Directions:
An exact reproduction of all the entries is what the answer must contain.

Records from a data source:
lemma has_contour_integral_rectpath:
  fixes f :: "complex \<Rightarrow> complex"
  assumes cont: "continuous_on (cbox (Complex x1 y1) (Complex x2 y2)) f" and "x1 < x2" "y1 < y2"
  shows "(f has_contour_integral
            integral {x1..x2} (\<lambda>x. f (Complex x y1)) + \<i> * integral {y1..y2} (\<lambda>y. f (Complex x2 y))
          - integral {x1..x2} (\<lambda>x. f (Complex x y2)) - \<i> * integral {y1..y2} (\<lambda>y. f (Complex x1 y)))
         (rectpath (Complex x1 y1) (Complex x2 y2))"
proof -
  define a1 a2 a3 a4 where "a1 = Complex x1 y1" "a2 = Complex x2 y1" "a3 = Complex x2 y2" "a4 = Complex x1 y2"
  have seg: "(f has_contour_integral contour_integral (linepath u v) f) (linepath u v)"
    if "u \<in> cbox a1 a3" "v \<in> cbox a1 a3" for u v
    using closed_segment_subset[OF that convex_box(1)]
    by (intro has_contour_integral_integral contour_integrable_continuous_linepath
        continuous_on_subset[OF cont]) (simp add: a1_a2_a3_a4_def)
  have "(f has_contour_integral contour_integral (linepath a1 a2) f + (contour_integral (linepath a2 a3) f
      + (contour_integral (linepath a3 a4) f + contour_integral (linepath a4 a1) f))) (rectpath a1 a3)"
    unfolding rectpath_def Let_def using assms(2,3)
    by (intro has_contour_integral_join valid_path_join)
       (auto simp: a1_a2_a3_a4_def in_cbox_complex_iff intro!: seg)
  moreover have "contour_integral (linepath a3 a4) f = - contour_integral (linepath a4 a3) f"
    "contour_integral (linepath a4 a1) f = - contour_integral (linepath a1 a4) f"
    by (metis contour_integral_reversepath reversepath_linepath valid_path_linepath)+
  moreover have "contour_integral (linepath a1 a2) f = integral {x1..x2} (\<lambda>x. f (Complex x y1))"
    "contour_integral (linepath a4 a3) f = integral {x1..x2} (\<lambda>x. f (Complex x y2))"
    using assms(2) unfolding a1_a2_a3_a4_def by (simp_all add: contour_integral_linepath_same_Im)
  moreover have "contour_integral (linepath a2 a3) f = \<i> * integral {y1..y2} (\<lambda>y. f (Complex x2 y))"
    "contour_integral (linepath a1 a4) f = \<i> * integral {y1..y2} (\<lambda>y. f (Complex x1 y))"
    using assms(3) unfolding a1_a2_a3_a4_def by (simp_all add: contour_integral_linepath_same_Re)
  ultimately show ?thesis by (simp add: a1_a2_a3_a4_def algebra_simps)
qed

Expected output:
lemma has_contour_integral_rectpath:
  fixes f :: "complex \<Rightarrow> complex"
  assumes cont: "continuous_on (cbox (Complex x1 y1) (Complex x2 y2)) f" and "x1 < x2" "y1 < y2"
  shows "(f has_contour_integral
            integral {x1..x2} (\<lambda>x. f (Complex x y1)) + \<i> * integral {y1..y2} (\<lambda>y. f (Complex x2 y))
          - integral {x1..x2} (\<lambda>x. f (Complex x y2)) - \<i> * integral {y1..y2} (\<lambda>y. f (Complex x1 y)))
         (rectpath (Complex x1 y1) (Complex x2 y2))"
proof -
  define a1 a2 a3 a4 where "a1 = Complex x1 y1" "a2 = Complex x2 y1" "a3 = Complex x2 y2" "a4 = Complex x1 y2"
  have seg: "(f has_contour_integral contour_integral (linepath u v) f) (linepath u v)"
    if "u \<in> cbox a1 a3" "v \<in> cbox a1 a3" for u v
    using closed_segment_subset[OF that convex_box(1)]
    by (intro has_contour_integral_integral contour_integrable_continuous_linepath
        continuous_on_subset[OF cont]) (simp add: a1_a2_a3_a4_def)
  have "(f has_contour_integral contour_integral (linepath a1 a2) f + (contour_integral (linepath a2 a3) f
      + (contour_integral (linepath a3 a4) f + contour_integral (linepath a4 a1) f))) (rectpath a1 a3)"
    unfolding rectpath_def Let_def using assms(2,3)
    by (intro has_contour_integral_join valid_path_join)
       (auto simp: a1_a2_a3_a4_def in_cbox_complex_iff intro!: seg)
  moreover have "contour_integral (linepath a3 a4) f = - contour_integral (linepath a4 a3) f"
    "contour_integral (linepath a4 a1) f = - contour_integral (linepath a1 a4) f"
    by (metis contour_integral_reversepath reversepath_linepath valid_path_linepath)+
  moreover have "contour_integral (linepath a1 a2) f = integral {x1..x2} (\<lambda>x. f (Complex x y1))"
    "contour_integral (linepath a4 a3) f = integral {x1..x2} (\<lambda>x. f (Complex x y2))"
    using assms(2) unfolding a1_a2_a3_a4_def by (simp_all add: contour_integral_linepath_same_Im)
  moreover have "contour_integral (linepath a2 a3) f = \<i> * integral {y1..y2} (\<lambda>y. f (Complex x2 y))"
    "contour_integral (linepath a1 a4) f = \<i> * integral {y1..y2} (\<lambda>y. f (Complex x1 y))"
    using assms(3) unfolding a1_a2_a3_a4_def by (simp_all add: contour_integral_linepath_same_Re)
  ultimately show ?thesis by (simp add: a1_a2_a3_a4_def algebra_simps)
qed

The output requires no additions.